The three-year-old site has brought couples together, sparked friendships and inspired classroom projects. It's tracked bills from Natchez, Miss., to Santa Monica, Calif., and from Pittsburgh to Keflavik, Iceland.
"People have told me it's nice to find a highly interactive diversion on the Internet where I'm not trying to sell them anything and I'm not trying to profit off them," said Hank Eskin, 37, the site's creator. "It's just fun."
The site has attracted more than a million users. Some are inquisitive about where that five-dollar bill they found in the laundromat came from.
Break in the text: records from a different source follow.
(* Let $A\in\mathbb{R}^{N\times N}$ be symmetric positive definite, $b\in\mathbb{R}^N$, $x_0\in\mathbb{R}^N$ with $r_0=b-Ax_0\neq0$, and let $n$ be the grade of $r_0$ with respect to $A$. Run the conjugate gradient method (exact arithmetic): $p_0=r_0$ and, for $k=1,2,\dots$, $$\gamma_{k-1}=\frac{r_{k-1}^Tr_{k-1}}{p_{k-1}^TAp_{k-1}},\quad x_k=x_{k-1}+\gamma_{k-1}p_{k-1},\quad r_k=r_{k-1}-\gamma_{k-1}Ap_{k-1},\quad \delta_k=\frac{r_k^Tr_k}{r_{k-1}^Tr_{k-1}},\quad p_k=r_k+\delta_kp_{k-1}.$$ For $1\le k\le n$ let $L_k^T$ be the $k\times k$ upper bidiagonal matrix with diagonal entries $1/\sqrt{\gamma_{j-1}}$, $j=1,\dots,k$, and superdiagonal entries $\sqrt{\delta_j/\gamma_{j-1}}$, $j=1,\dots,k-1$, let $T_k=L_kL_k^T$, and define $\xi_k=\|r_0\|^2e_1^TT_k^{-2}e_1$ (with $e_1$ the first column of the $k\times k$ identity), and $\xi_0=0$. Let $\psi_i=\gamma_i\|r_i\|^2$, and let $\phi_0=1$, $\phi_k=\phi_{k-1}/(\phi_{k-1}+\delta_k)$ for $k\ge1$. Then $$\xi_k=\sum_{j=0}^{k-1}\|r_j\|^{-2}\Big(\sum_{i=j}^{k-1}\psi_i\Big)^2,$$ and $\xi_{k+1}$, $k=0,1,2,\dots$ (with $k+1\le n$), can be computed by the recurrences $$\vartheta_{k+1}=\vartheta_k+\gamma_k\phi_k^{-1},\qquad \xi_{k+1}=\xi_k+\psi_k(\vartheta_{k+1}+\vartheta_k),$$ where $\vartheta_0=0$ and $\xi_0=0$.
   Context: $\|\cdot\|$ is the Euclidean norm. The grade $n$ of $r_0$ with respect to $A$ is the maximal dimension of the Krylov subspaces $\mathrm{span}\{r_0,Ar_0,\dots,A^{k-1}r_0\}$; for $k\le n$ all CG quantities above are well defined and $\gamma_{k-1}>0$. $T_k$ coincides with the Jacobi matrix of Lanczos recurrence coefficients generated by $A$ and $r_0/\|r_0\|$. *)

theory Defs
  imports "HOL-Analysis.Analysis" "Jordan_Normal_Form.Gauss_Jordan_Elimination"
begin

definition krylov :: "real^'n^'n \<Rightarrow> real^'n \<Rightarrow> nat \<Rightarrow> (real^'n) set" where
  "krylov A v k = span {(((*v) A) ^^ j) v | j. j < k}"

definition grade :: "real^'n^'n \<Rightarrow> real^'n \<Rightarrow> nat" where
  "grade A v = Max (range (\<lambda>k. dim (krylov A v k)))"

fun cg :: "real^'n^'n \<Rightarrow> real^'n \<Rightarrow> real^'n \<Rightarrow> nat \<Rightarrow> (real^'n) \<times> (real^'n) \<times> (real^'n)" where
  "cg A b x0 0 = (x0, b - A *v x0, b - A *v x0)"
| "cg A b x0 (Suc k) =
     (case cg A b x0 k of (x, r, p) \<Rightarrow>
       let \<gamma> = inner r r / inner p (A *v p);
           x' = x + \<gamma> *\<^sub>R p;
           r' = r - \<gamma> *\<^sub>R (A *v p);
           \<delta> = inner r' r' / inner r r;
           p' = r' + \<delta> *\<^sub>R p
       in (x', r', p'))"

definition cg_x where "cg_x A b x0 k = fst (cg A b x0 k)"
definition cg_r where "cg_r A b x0 k = fst (snd (cg A b x0 k))"
definition cg_p where "cg_p A b x0 k = snd (snd (cg A b x0 k))"

definition cg_gamma :: "real^'n^'n \<Rightarrow> real^'n \<Rightarrow> real^'n \<Rightarrow> nat \<Rightarrow> real" where
  "cg_gamma A b x0 k = inner (cg_r A b x0 k) (cg_r A b x0 k) /
      inner (cg_p A b x0 k) (A *v cg_p A b x0 k)"

(* delta_k = r_k^T r_k / r_{k-1}^T r_{k-1}, meaningful for k >= 1 *)
definition cg_delta :: "real^'n^'n \<Rightarrow> real^'n \<Rightarrow> real^'n \<Rightarrow> nat \<Rightarrow> real" where
  "cg_delta A b x0 k = inner (cg_r A b x0 k) (cg_r A b x0 k) /
      inner (cg_r A b x0 (k - 1)) (cg_r A b x0 (k - 1))"

definition cg_psi :: "real^'n^'n \<Rightarrow> real^'n \<Rightarrow> real^'n \<Rightarrow> nat \<Rightarrow> real" where
  "cg_psi A b x0 i = cg_gamma A b x0 i * (norm (cg_r A b x0 i))^2"

(* L_k^T : k x k upper bidiagonal (0-based indices);
   diagonal (i,i): 1/sqrt(gamma_i), superdiagonal (i,i+1): sqrt(delta_{i+1}/gamma_i) *)
definition LT_mat :: "real^'n^'n \<Rightarrow> real^'n \<Rightarrow> real^'n \<Rightarrow> nat \<Rightarrow> real mat" where
  "LT_mat A b x0 k = mat k k (\<lambda>(i, j).
      if j = i then 1 / sqrt (cg_gamma A b x0 i)
      else if j = i + 1 then sqrt (cg_delta A b x0 (i + 1) / cg_gamma A b x0 i)
      else 0)"

definition T_mat :: "real^'n^'n \<Rightarrow> real^'n \<Rightarrow> real^'n \<Rightarrow> nat \<Rightarrow> real mat" where
  "T_mat A b x0 k = transpose_mat (LT_mat A b x0 k) * LT_mat A b x0 k"

definition cg_xi :: "real^'n^'n \<Rightarrow> real^'n \<Rightarrow> real^'n \<Rightarrow> nat \<Rightarrow> real" where
  "cg_xi A b x0 k = (if k = 0 then 0 else
      (let Ti = the (mat_inverse (T_mat A b x0 k))
       in (norm (cg_r A b x0 0))^2 * ((Ti * Ti) $$ (0, 0))))"

fun cg_phi :: "real^'n^'n \<Rightarrow> real^'n \<Rightarrow> real^'n \<Rightarrow> nat \<Rightarrow> real" where
  "cg_phi A b x0 0 = 1"
| "cg_phi A b x0 (Suc k) = cg_phi A b x0 k / (cg_phi A b x0 k + cg_delta A b x0 (Suc k))"

fun cg_theta :: "real^'n^'n \<Rightarrow> real^'n \<Rightarrow> real^'n \<Rightarrow> nat \<Rightarrow> real" where
  "cg_theta A b x0 0 = 0"
| "cg_theta A b x0 (Suc k) = cg_theta A b x0 k + cg_gamma A b x0 k * inverse (cg_phi A b x0 k)"

end

theory Submission
  imports Defs "Jordan_Normal_Form.Determinant"
begin

text \<open>
  Below the grade of r_0, the CG vectors r_j and p_j are both a nonzero multiple of A^j r_0 plus
  an element of the Krylov space K_j, which does not contain A^j r_0. Hence r_j and p_j are
  nonzero, and positive definiteness makes every gamma_j positive. Then L_k^T is an invertible
  bidiagonal matrix and T_k^{-1} e_1 can be written down: its i-th entry is
  (-1)^i (psi_i + ... + psi_{k-1}) / (||r_0|| ||r_i||), as one checks by solving L_k y = e_1 and
  L_k^T z = y with y_i = (-1)^i sqrt(gamma_i) ||r_i|| / ||r_0||. Since T_k^{-1} is symmetric,
  e_1^T T_k^{-2} e_1 = ||T_k^{-1} e_1||^2, which is the closed formula for xi_k.
  For the recurrences, 1/phi_k = ||r_k||^2 (||r_0||^{-2} + ... + ||r_k||^{-2}), so
  theta_k = sum_{j<k} ||r_j||^{-2} (psi_j + ... + psi_{k-1}), and the update of xi_k is the
  expansion (a + psi_k)^2 = a^2 + psi_k ((a + psi_k) + a) of every square in the closed formula.
\<close>

section \<open>Krylov subspaces\<close>

abbreviation matpow_apply :: "real^'n^'n \<Rightarrow> nat \<Rightarrow> real^'n \<Rightarrow> real^'n" where
  "matpow_apply A i v \<equiv> (((*v) A) ^^ i) v"

lemma krylov_eq_span_powers: "krylov A v k = span ((\<lambda>i. matpow_apply A i v) ` {..<k})"
  unfolding krylov_def by (rule arg_cong[where f = span]) auto

lemma subspace_krylov: "subspace (krylov A v k)"
  by (simp add: krylov_def subspace_span)

lemma matpow_apply_in_krylov: "i < k \<Longrightarrow> matpow_apply A i v \<in> krylov A v k"
  unfolding krylov_eq_span_powers by (rule span_base) auto

lemma krylov_mono: "j \<le> k \<Longrightarrow> krylov A v j \<subseteq> krylov A v k"
  unfolding krylov_eq_span_powers by (rule span_mono) auto

lemma matrix_vector_mult_in_krylov:
  assumes "x \<in> krylov A v k"
  shows "A *v x \<in> krylov A v (Suc k)"
proof -
  have "A *v x \<in> (*v) A ` span ((\<lambda>i. matpow_apply A i v) ` {..<k})"
    using assms unfolding krylov_eq_span_powers by blast
  also have "\<dots> = span ((\<lambda>i. matpow_apply A (Suc i) v) ` {..<k})"
    by (simp add: span_linear_image[OF matrix_vector_mul_linear[of A], symmetric] image_image)
  also have "\<dots> \<subseteq> krylov A v (Suc k)"
    unfolding krylov_eq_span_powers by (rule span_mono) (auto simp del: funpow.simps)
  finally show ?thesis .
qed

lemma dim_krylov_le: "dim (krylov A v k) \<le> k"
proof -
  have "dim (krylov A v k) = dim ((\<lambda>i. matpow_apply A i v) ` {..<k})"
    unfolding krylov_eq_span_powers by (rule dim_span)
  also have "\<dots> \<le> card ((\<lambda>i. matpow_apply A i v) ` {..<k})"
    by (rule dim_le_card') simp
  also have "\<dots> \<le> k"
    using card_image_le[of "{..<k}"] by simp
  finally show ?thesis .
qed

lemma matpow_apply_notin_krylov:
  assumes "j < grade A v"
  shows "matpow_apply A j v \<notin> krylov A v j"
proof
  assume in_j: "matpow_apply A j v \<in> krylov A v j"
  have shift: "krylov A v (Suc j) \<subseteq> krylov A v j"
    unfolding krylov_eq_span_powers[of A v "Suc j"]
    using in_j matpow_apply_in_krylov[of _ j A v]
    by (intro span_minimal[OF _ subspace_krylov]) (auto simp: less_Suc_eq)
  have powers_in_j: "matpow_apply A m v \<in> krylov A v j" for m
  proof (induction m)
    case 0
    then show ?case
      using in_j matpow_apply_in_krylov[of 0 j A v] by (cases j) auto
  next
    case (Suc m)
    have "A *v matpow_apply A m v \<in> krylov A v (Suc j)"
      by (rule matrix_vector_mult_in_krylov[OF Suc])
    with shift show ?case
      by auto
  qed
  have "dim (krylov A v m) \<le> j" for m
  proof -
    have "krylov A v m \<subseteq> krylov A v j"
      unfolding krylov_eq_span_powers[of A v m]
      using powers_in_j by (intro span_minimal[OF _ subspace_krylov]) auto
    then show ?thesis
      using dim_subset dim_krylov_le order_trans by metis
  qed
  then have "range (\<lambda>m. dim (krylov A v m)) \<subseteq> {..j}"
    by auto
  then have "grade A v \<le> j"
    unfolding grade_def by (intro Max.boundedI) (auto intro: finite_subset)
  with assms show False
    by simp
qed

lemma krylov_leading_term_nonzero:
  assumes "j < grade A v" and "a \<noteq> 0" and "x - a *\<^sub>R matpow_apply A j v \<in> krylov A v j"
  shows "x \<noteq> 0"
proof
  assume "x = 0"
  then have "matpow_apply A j v = (- inverse a) *\<^sub>R (x - a *\<^sub>R matpow_apply A j v)"
    using assms(2) by simp
  also have "\<dots> \<in> krylov A v j"
    using assms(3) subspace_krylov subspace_scale by blast
  finally show False
    using matpow_apply_notin_krylov[OF assms(1)] by simp
qed

lemma krylov_Suc_if_leading_term:
  assumes "x - a *\<^sub>R matpow_apply A j v \<in> krylov A v j"
  shows "x \<in> krylov A v (Suc j)"
proof -
  have "x = (x - a *\<^sub>R matpow_apply A j v) + a *\<^sub>R matpow_apply A j v"
    by simp
  also have "\<dots> \<in> krylov A v (Suc j)"
    using assms krylov_mono[of j "Suc j" A v] matpow_apply_in_krylov[of j "Suc j" A v]
    by (intro subspace_add[OF subspace_krylov] subspace_scale[OF subspace_krylov]) auto
  finally show ?thesis .
qed

section \<open>Conjugate gradient iterates below the grade\<close>

lemma cg_r_0: "cg_r A b x0 0 = b - A *v x0"
  by (simp add: cg_r_def)

lemma cg_p_0: "cg_p A b x0 0 = b - A *v x0"
  by (simp add: cg_p_def)

lemma cg_r_Suc:
  "cg_r A b x0 (Suc j) = cg_r A b x0 j - cg_gamma A b x0 j *\<^sub>R (A *v cg_p A b x0 j)"
  by (simp add: cg_r_def cg_p_def cg_gamma_def Let_def split: prod.split)

lemma cg_p_Suc:
  "cg_p A b x0 (Suc j) = cg_r A b x0 (Suc j) + cg_delta A b x0 (Suc j) *\<^sub>R cg_p A b x0 j"
  by (simp add: cg_r_def cg_p_def cg_gamma_def cg_delta_def Let_def split: prod.split)

lemma cg_delta_Suc:
  "cg_delta A b x0 (Suc j) = (norm (cg_r A b x0 (Suc j)))\<^sup>2 / (norm (cg_r A b x0 j))\<^sup>2"
  by (simp add: cg_delta_def power2_norm_eq_inner)

lemma cg_gamma_pos:
  assumes posdef: "\<And>v. v \<noteq> 0 \<Longrightarrow> inner v (A *v v) > 0"
    and "cg_r A b x0 j \<noteq> 0" and "cg_p A b x0 j \<noteq> 0"
  shows "cg_gamma A b x0 j > 0"
  unfolding cg_gamma_def using assms by (simp add: divide_pos_pos)

lemma cg_leading_terms:
  assumes posdef: "\<And>v. v \<noteq> 0 \<Longrightarrow> inner v (A *v v) > 0"
  shows "j < grade A (b - A *v x0) \<Longrightarrow> \<exists>a. a \<noteq> 0
     \<and> cg_r A b x0 j - a *\<^sub>R matpow_apply A j (b - A *v x0) \<in> krylov A (b - A *v x0) j
     \<and> cg_p A b x0 j - a *\<^sub>R matpow_apply A j (b - A *v x0) \<in> krylov A (b - A *v x0) j"
proof (induction j)
  case 0
  show ?case
    by (intro exI[of _ 1]) (simp add: cg_r_0 cg_p_0 subspace_krylov subspace_0)
next
  case (Suc j)
  define v where "v = b - A *v x0"
  let ?K = "krylov A v (Suc j)"
  have j: "j < grade A v"
    using Suc.prems v_def by simp
  obtain a where "a \<noteq> 0"
    and r: "cg_r A b x0 j - a *\<^sub>R matpow_apply A j v \<in> krylov A v j"
    and p: "cg_p A b x0 j - a *\<^sub>R matpow_apply A j v \<in> krylov A v j"
    using Suc.IH j v_def by blast
  have "cg_gamma A b x0 j > 0"
    using cg_gamma_pos[OF posdef] krylov_leading_term_nonzero[OF j \<open>a \<noteq> 0\<close>] r p by blast
  with \<open>a \<noteq> 0\<close> have a': "- cg_gamma A b x0 j * a \<noteq> 0"
    by simp
  have r': "cg_r A b x0 (Suc j) - (- cg_gamma A b x0 j * a) *\<^sub>R matpow_apply A (Suc j) v \<in> ?K"
  proof -
    have "cg_r A b x0 (Suc j) - (- cg_gamma A b x0 j * a) *\<^sub>R matpow_apply A (Suc j) v
        = cg_r A b x0 j - cg_gamma A b x0 j *\<^sub>R (A *v (cg_p A b x0 j - a *\<^sub>R matpow_apply A j v))"
      by (simp add: cg_r_Suc algebra_simps)
    also have "\<dots> \<in> ?K"
      using krylov_Suc_if_leading_term[OF r] matrix_vector_mult_in_krylov[OF p]
      by (intro subspace_diff[OF subspace_krylov] subspace_scale[OF subspace_krylov])
    finally show ?thesis .
  qed
  have "cg_p A b x0 (Suc j) - (- cg_gamma A b x0 j * a) *\<^sub>R matpow_apply A (Suc j) v
      = (cg_r A b x0 (Suc j) - (- cg_gamma A b x0 j * a) *\<^sub>R matpow_apply A (Suc j) v)
        + cg_delta A b x0 (Suc j) *\<^sub>R cg_p A b x0 j"
    by (simp only: cg_p_Suc) (simp add: algebra_simps)
  also have "\<dots> \<in> ?K"
    using r' krylov_Suc_if_leading_term[OF p]
    by (intro subspace_add[OF subspace_krylov] subspace_scale[OF subspace_krylov])
  finally show ?case
    using a' r' v_def by blast
qed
Others are so obsessive they've spent months recording the serial numbers off thousands of bills in the online database. One user entered more than 121,000.
Enthusiasts usually stamp currency with the Web site's address and a note asking anyone who finds it to record the serial number and the zip code where they spent it. Fans of the site track hits as subsequent users log in the numbers.
The practice doesn't violate any laws. While defacing currency is illegal, merely stamping or writing on bills doesn't fit the Bureau of Engraving and Printing's definition of an improper act: intentionally rendering currency unfit to be used.
The Web site tracks about $89 million of the $584 billion in U.S. paper currency that is in circulation worldwide. Just $195 billion of that is in the U.S., according to the Federal Reserve Bank of New York.
And some of the bills that are tracked take some circuitous journeys. One George as dollar bills with the image of George Washington are called in the Web site's vernacular started its travels at a cinema in Natchez, Miss., in January 2000. Four months later it bought shoes in Santa Monica, Calif. In November, it purchased lunch at a school in Warren, Mich.
By the time this George landed in Twin Rocks, Pa., this month, it was looking wrinkled and old. And no wonder: The average dollar bill only circulates for a year and a half, according to the Fed. The George from Natchez lasted at least six months longer.